Task to carry out.
Go through the records and report each line holding the string "noteq".

Source data.
lemma card_zbox: "card (zbox r (y::int^'d)) = nat (\<lfloor>r\<rfloor> + \<lceil>r\<rceil>) ^ CARD('d)"
  by (simp add: zbox_eq_lattice_box card_lattice_box)

lemma power_le_card_zbox:
  assumes "0 \<le> r"
  shows "r ^ CARD('d) \<le> real (card (zbox r (y::int^'d)))"
proof -
  have "0 \<le> real_of_int \<lfloor>r\<rfloor>"
    using assms by simp
  then have "r \<le> real_of_int (\<lfloor>r\<rfloor> + \<lceil>r\<rceil>)"
    unfolding of_int_add using le_of_int_ceiling[of r] by linarith
  then have "r \<le> real (nat (\<lfloor>r\<rfloor> + \<lceil>r\<rceil>))"
    by linarith
  then show ?thesis
    unfolding card_zbox using assms by (simp add: power_mono)
qed

lemma zbox_mono:
  assumes "r \<le> s"
  shows "zbox r y \<subseteq> zbox s y"
  unfolding zbox_def
proof (intro subsetI CollectI allI)
  fix x i
  assume "x \<in> {x. \<forall>i. - r < real_of_int (x$i - y$i) \<and> real_of_int (x$i - y$i) \<le> r}"
  then have "- r < real_of_int (x$i - y$i) \<and> real_of_int (x$i - y$i) \<le> r" by blast
  with assms show "- s < real_of_int (x$i - y$i) \<and> real_of_int (x$i - y$i) \<le> s" by linarith
qed

lemma zdist_pos: "x \<noteq> y \<Longrightarrow> 0 < zdist x y"
proof -
  assume "x \<noteq> y"
  then obtain i where "x$i \<noteq> y$i" by (auto simp: vec_eq_iff)
  then have "0 < (real_of_int (x$i - y$i))^2" by simp
  also have "\<dots> \<le> (\<Sum>j\<in>UNIV. (real_of_int (x$j - y$j))^2)"
    by (rule member_le_sum) auto
  finally show ?thesis unfolding zdist_def by simp
qed

lemma zdist_le_zbox:
  fixes x y z :: "int^'d"
  assumes "x \<in> zbox r y" "z \<in> zbox r y"
  shows "zdist x z \<le> 2 * r * sqrt (real CARD('d))"
proof -
  have coord: "\<bar>real_of_int (x$i - z$i)\<bar> \<le> 2 * r" for i
  proof -
    have "- r < real_of_int (x$i - y$i)" "real_of_int (x$i - y$i) \<le> r"
      "- r < real_of_int (z$i - y$i)" "real_of_int (z$i - y$i) \<le> r"
      using assms unfolding zbox_def by auto
    then show ?thesis unfolding of_int_diff abs_le_iff by linarith
  qed
  have r: "0 \<le> r"
    using order_trans[OF abs_ge_zero coord] by simp
  have "(real_of_int (x$i - z$i))^2 \<le> (2 * r)^2" for i
    using power_mono[OF coord abs_ge_zero, where n=2] by simp
  then have "(\<Sum>i\<in>UNIV. (real_of_int (x$i - z$i))^2) \<le> (\<Sum>i\<in>(UNIV::'d set). (2 * r)^2)"
    by (rule sum_mono)
  also have "\<dots> = (2 * r * sqrt (real CARD('d)))^2"
    by (simp add: power_mult_distrib)
  finally show ?thesis
    unfolding zdist_def using r by (intro real_le_lsqrt) simp_all
qed

(* A finite family containing every box zbox r y with m \<le> r \<le> n + 1 centred in zbox (n + 1) 0:
   take a = floor r and b = ceiling r - floor r. *)
definition box_family :: "int \<Rightarrow> nat \<Rightarrow> (int^'d) set set" where
  "box_family m n = (\<lambda>(a, b, y). lattice_box (1 - a - b) a y)
     ` ({m .. int n + 1} \<times> {0, 1} \<times> zbox (real n + 1) 0)"

lemma finite_box_family: "finite (box_family m n)"
  unfolding box_family_def by (intro finite_imageI finite_cartesian_product finite_zbox) auto

lemma card_box_family_le:
  assumes "0 \<le> m"
  shows "real (card (box_family m n :: (int^'d) set set)) \<le> real (2 * n + 3) ^ (CARD('d) + 2)"
proof -
  define T where "T = 2 * n + 3"
  have "card (zbox (real n + 1) (0::int^'d)) = (2 * n + 2) ^ CARD('d)"
    unfolding card_zbox by (simp add: nat_add_distrib nat_mult_distrib)
  then have "card (zbox (real n + 1) (0::int^'d)) \<le> T ^ CARD('d)"
    unfolding T_def by (simp add: power_mono)
  moreover have "card {m .. int n + 1} \<le> T"
    using assms unfolding T_def by simp
  ultimately have "card ({m .. int n + 1} \<times> {0::int, 1} \<times> zbox (real n + 1) (0::int^'d))
      \<le> T * (2 * T ^ CARD('d))"
    by (simp add: card_cartesian_product mult_le_mono)
  also have "\<dots> \<le> T * (T * T ^ CARD('d))"
    unfolding T_def by (intro mult_le_mono) auto
  finally have "card (box_family m n :: (int^'d) set set) \<le> T ^ (CARD('d) + 2)"
    unfolding box_family_def
    by (intro card_image_le[THEN order_trans])
      (auto simp: power_add power2_eq_square mult_ac finite_zbox)
  then show ?thesis
    unfolding T_def by (metis of_nat_le_iff of_nat_power)
qed

lemma card_mem_box_family:
  assumes "S \<in> box_family m n" "0 \<le> m"
  shows "real_of_int m ^ CARD('d) \<le> real (card (S :: (int^'d) set))"
    and "real (card S) \<le> real (2 * n + 3) ^ CARD('d)"
proof -
  obtain t where t: "t \<in> {m .. int n + 1} \<times> {0, 1} \<times> zbox (real n + 1) 0"
    and "S = (\<lambda>(a, b, y). lattice_box (1 - a - b) a y) t"
    using assms(1) unfolding box_family_def by blast
  moreover obtain a b y where "t = (a, b, y)"
    using prod_cases3 by blast
  ultimately have S: "S = lattice_box (1 - a - b) a y"
    and a: "m \<le> a" "a \<le> int n + 1" and b: "b \<in> {0, 1}"
    by auto
  have card: "real (card S) = real (nat (2 * a + b)) ^ CARD('d)"
    unfolding S card_lattice_box by simp
  show "real_of_int m ^ CARD('d) \<le> real (card S)"
    unfolding card using a b assms(2) by (intro power_mono) auto
  show "real (card S) \<le> real (2 * n + 3) ^ CARD('d)"
    unfolding card using a b assms(2) by (intro power_mono) auto
qed

lemma zbox_mem_box_family:
  assumes "real_of_int m \<le> r" "r \<le> real n + 1" "y \<in> zbox (real n + 1) 0"
  shows "zbox r y \<in> box_family m n"
proof -
  have "\<lceil>r\<rceil> - \<lfloor>r\<rfloor> = 0 \<or> \<lceil>r\<rceil> - \<lfloor>r\<rfloor> = 1"
    using ceiling_diff_floor_le_1[of r] floor_le_ceiling[of r] by linarith
  moreover have "m \<le> \<lfloor>r\<rfloor>" "\<lfloor>r\<rfloor> \<le> int n + 1"
    using assms(1,2) by (simp_all add: le_floor_iff floor_le_iff)
  ultimately show ?thesis
    unfolding box_family_def zbox_eq_lattice_box[of r y] using assms(3)
    by (intro image_eqI[where x="(\<lfloor>r\<rfloor>, \<lceil>r\<rceil> - \<lfloor>r\<rfloor>, y)"]) auto
qed
(* Let $\Lambda$ be a finite set and let $Q=(q(x,y))_{x,y\in\Lambda\cup\{0\}}$ be the rate matrix of an irreducible continuous-time Markov jump process on $\Lambda\cup\{0\}$. For $N\ge2$ let $(\xi_t)_{t\ge0}$ be the Fleming–Viot process on $\Lambda^N$ with generator $$\mathcal{L}^N f(\xi)=\sum_{i=1}^N\sum_{x\in\Lambda\setminus\{\xi(i)\}}\Bigl[q(\xi(i),x)+q(\xi(i),0)\frac{\sum_{j\ne i}\mathbf 1_{\{\xi(j)=x\}}}{N-1}\Bigr]\bigl(f(\xi^{i,x})-f(\xi)\bigr),$$ ($\xi^{i,x}(i)=x$, $\xi^{i,x}(j)=\xi(j)$ for $j\ne i$), and let $\mathbb E^N_\xi$ denote expectation for the process started at $\xi$. Let $m(\xi)=\frac1N\sum_{i=1}^N\delta_{\xi(i)}$ be the empirical measure, and for a probability measure $\mu$ on $\Lambda$ let $$T_t\mu(x)=\frac{\sum_{y\in\Lambda}\mu(y)\exp(tQ)(y,x)}{1-\sum_{y\in\Lambda}\mu(y)\exp(tQ)(y,0)},\quad x\in\Lambda.$$ Then for any $T>0$, $$\lim_{N\to\infty}\max_{0\le t\le T}\max_{\xi\in\Lambda^N}\bigl\|\mathbb E^N_\xi[m(\xi_t)]-T_tm(\xi)\bigr\|_2=0,$$ where $\|\varphi\|_2=\bigl(\sum_{x\in\Lambda}\varphi(x)^2\bigr)^{1/2}$ and $\mathbb E^N_\xi[m(\xi_t)]$ denotes the vector $(\mathbb E^N_\xi[m(\xi_t)(x)])_{x\in\Lambda}$.
   Context: In the Fleming–Viot process, $N$ particles move independently in $\Lambda$ with rates $Q$, except that when a particle attempts to jump to $0$ it instead jumps instantaneously to the position of one of the other particles chosen uniformly at random. $T_t\mu$ is the law at time $t$ of the $Q$-process started from $\mu$, conditioned on not having hit $0$ by time $t$. *)

theory Defs
  imports "HOL-Analysis.Analysis"
begin
(* Let $0<\varepsilon_0\le1$. For an expansion with coefficients $a_l$, $h_A\le l\le k_A$, set $a_l=0$ for $l\notin[h_A,k_A]$ (similarly for other letters). The following hold. (i) If $A$ is an $(h_A,k_A,\delta_A,G_A,\varepsilon_A)$-expansion with coefficients $a_l$ and $c\in\mathbb{R}$, then $C=cA$ satisfies $C(\varepsilon)=\sum_{l=h_A}^{k_A}ca_l\varepsilon^l+o_C(\varepsilon)$ with $|o_C(\varepsilon)|\le |c|G_A\varepsilon^{k_A+\delta_A}$ for $0<\varepsilon\le\varepsilon_A$ (i.e. $h_C=h_A,k_C=k_A$, $\delta_C=\delta_A$, $G_C=|c|G_A$, $\varepsilon_C=\varepsilon_A$). (ii) If $A$ is an $(h_A,k_A,\delta_A,G_A,\varepsilon_A)$-expansion with coefficients $a_l$ and $B$ an $(h_B,k_B,\delta_B,G_B,\varepsilon_B)$-expansion with coefficients $b_l$, then $C=A+B$ is an $(h_C,k_C,\delta_C,G_C,\varepsilon_C)$-expansion with $h_C=h_A\wedge h_B$, $k_C=k_A\wedge k_B$, coefficients $c_r=a_r+b_r$, $\delta_C=\delta_A\mathrm{I}(k_A<k_B)+(\delta_A\wedge\delta_B)\mathrm{I}(k_A=k_B)+\delta_B\mathrm{I}(k_B<k_A)\ \ (\ge\delta_A\wedge\delta_B)$, $\varepsilon_C=\varepsilon_A\wedge\varepsilon_B$, and $G_C=G_A\varepsilon_C^{k_A+\delta_A-k_C-\delta_C}+\sum_{k_C<i\le k_A}|a_i|\varepsilon_C^{i-k_C-\delta_C}+G_B\varepsilon_C^{k_B+\delta_B-k_C-\delta_C}+\sum_{k_C<j\le k_B}|b_j|\varepsilon_C^{j-k_C-\delta_C}$. (iii) Under the hypotheses of (ii), $C=A\cdot B$ is an $(h_C,k_C,\delta_C,G_C,\varepsilon_C)$-expansion with $h_C=h_A+h_B$, $k_C=(k_A+h_B)\wedge(k_B+h_A)$, coefficients $c_r=\sum_{i+j=r,\,h_A\le i\le k_A,\,h_B\le j\le k_B}a_ib_j$, $\delta_C=\delta_A\mathrm{I}(k_A+h_B<k_B+h_A)+(\delta_A\wedge\delta_B)\mathrm{I}(k_A+h_B=k_B+h_A)+\delta_B\mathrm{I}(k_A+h_B>k_B+h_A)\ (\ge\delta_A\wedge\delta_B)$, $\varepsilon_C=\varepsilon_A\wedge\varepsilon_B$, and $G_C=\sum_{k_C<i+j,\,h_A\le i\le k_A,\,h_B\le j\le k_B}|a_i||b_j|\varepsilon_C^{i+j-k_C-\delta_C}+G_A\sum_{h_B\le j\le k_B}|b_j|\varepsilon_C^{j+k_A+\delta_A-k_C-\delta_C}+G_B\sum_{h_A\le i\le k_A}|a_i|\varepsilon_C^{i+k_B+\delta_B-k_C-\delta_C}+G_AG_B\varepsilon_C^{k_A+k_B+\delta_A+\delta_B-k_C-\delta_C}$. (iv) Let $B$ be a pivotal $(h_B,k_B,\delta_B,G_B,\varepsilon_B)$-expansion with coefficients $b_l$. Put $h_C=-h_B$, $k_C=k_B-2h_B$, $c_{h_C}=b_{h_B}^{-1}$, $c_{h_C+n}=-b_{h_B}^{-1}\sum_{m=1}^n b_{h_B+m}c_{h_C+n-m}$ for $n=1,\dots,k_B-h_B$; $\delta_C=\delta_B$; $\tilde\varepsilon_B=\Big(\frac{|b_{h_B}|}{2\big(\sum_{h_B<i\le k_B}|b_i|\varepsilon_B^{i-h_B-\delta_B}+G_B\varepsilon_B^{k_B-h_B}\big)}\Big)^{1/\delta_B}$, $\varepsilon_C=\varepsilon_B\wedge\tilde\varepsilon_B$; $G_C=\big(\tfrac{|b_{h_B}|}{2}\big)^{-1}\Big(\sum_{k_B-h_B<i+j,\,h_B\le i\le k_B,\,h_C\le j\le k_C}|b_i||c_j|\varepsilon_C^{i+j-k_B+h_B-\delta_B}+G_B\sum_{h_C\le j\le k_C}|c_j|\varepsilon_C^{j+h_B}\Big)$. Then there exists $\varepsilon'_0$ with $\varepsilon_C\le\varepsilon'_0\le\varepsilon_0$ such that $B(\varepsilon)\ne0$ for $\varepsilon\in(0,\varepsilon'_0]$, and $C=1/B$ on $(0,\varepsilon'_0]$ is a pivotal $(h_C,k_C,\delta_C,G_C,\varepsilon_C)$-expansion with coefficients $c_l$. (v) Let $A$ be an $(h_A,k_A,\delta_A,G_A,\varepsilon_A)$-expansion with coefficients $a_l$ and $B$ a pivotal $(h_B,k_B,\delta_B,G_B,\varepsilon_B)$-expansion with coefficients $b_l$; let $h_C,k_C,c_l,\delta_C,G_C,\varepsilon_C,\tilde\varepsilon_B$ be as in (iv). Put $h_D=h_A-h_B$, $k_D=(k_A-h_B)\wedge(k_B-2h_B+h_A)$, $d_r=\sum_{i+j=r,\,h_A\le i\le k_A,\,h_C\le j\le k_C}a_ic_j$ for $h_D\le r\le k_D$, and $\delta_D=\delta_A\mathrm{I}(k_A-h_B<k_B-2h_B+h_A)+(\delta_A\wedge\delta_B)\mathrm{I}(k_A-h_B=k_B-2h_B+h_A)+\delta_B\mathrm{I}(k_A-h_B>k_B-2h_B+h_A)\ (\ge\delta_A\wedge\delta_B)$. Then there exists $\varepsilon'_0$ with $\varepsilon_D\le\varepsilon'_0\le\varepsilon_0$ such that $B(\varepsilon)\ne0$ on $(0,\varepsilon'_0]$ and $D=A/B$ is an $(h_D,k_D,\delta_D,G_D,\varepsilon_D)$-expansion with coefficients $d_r$, where one may take either $\varepsilon_D=\varepsilon_A\wedge\varepsilon_C$ and $G_D=\sum_{k_D<i+j,\,h_A\le i\le k_A,\,h_C\le j\le k_C}|a_i||c_j|\varepsilon_D^{i+j-k_D-\delta_D}+G_A\sum_{h_C\le j\le k_C}|c_j|\varepsilon_D^{j+k_A+\delta_A-k_D-\delta_D}+G_C\sum_{h_A\le i\le k_A}|a_i|\varepsilon_D^{i+k_C+\delta_C-k_D-\delta_D}+G_AG_C\varepsilon_D^{k_A+k_C+\delta_A+\delta_C-k_D-\delta_D}$, or $\varepsilon_D=\varepsilon_A\wedge\varepsilon_B\wedge\tilde\varepsilon_B$ and $G_D=\big(\tfrac{|b_{h_B}|}{2}\big)^{-1}\Big(\sum_{k_A\wedge(h_A+k_B-h_B)<i+j,\,h_B\le i\le k_B,\,h_D\le j\le k_D}|b_i||d_j|\varepsilon_D^{i+j-k_D-h_B-\delta_D}+\sum_{k_A\wedge(h_A+k_B-h_B)<i\le k_A}|a_i|\varepsilon_D^{i-h_B-k_D-\delta_D}+G_A\varepsilon_D^{k_A+\delta_A-h_B-k_D-\delta_D}+G_B\sum_{h_D\le j\le k_D}|d_j|\varepsilon_D^{j+k_B+\delta_B-h_B-k_D-\delta_D}\Big)$.
   Context: Let $0<\varepsilon_0\le1$. A function $A:(0,\varepsilon_0]\to\mathbb{R}$ (or defined on a smaller interval $(0,\varepsilon'_0]$) is an $(h,k,\delta,G,\varepsilon_A)$-expansion with coefficients $a_h,\dots,a_k$ (integers $h\le k$, reals $a_l$, $\delta\in(0,1]$, $G\in(0,\infty)$, $\varepsilon_A$ in $(0,\varepsilon_0]$ not exceeding the domain endpoint) if the remainder $o_A(\varepsilon):=A(\varepsilon)-\sum_{l=h}^k a_l\varepsilon^l$ satisfies $|o_A(\varepsilon)|\le G\varepsilon^{k+\delta}$ for $0<\varepsilon\le\varepsilon_A$. It is pivotal if $a_h\ne0$. $\mathrm{I}(\cdot)$ denotes the indicator, $\wedge$ the minimum. *)

theory Defs
  imports Complex_Main
begin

Answer below.
lemma zdist_pos: "x \<noteq> y \<Longrightarrow> 0 < zdist x y"
  assume "x \<noteq> y"
  then obtain i where "x$i \<noteq> y$i" by (auto simp: vec_eq_iff)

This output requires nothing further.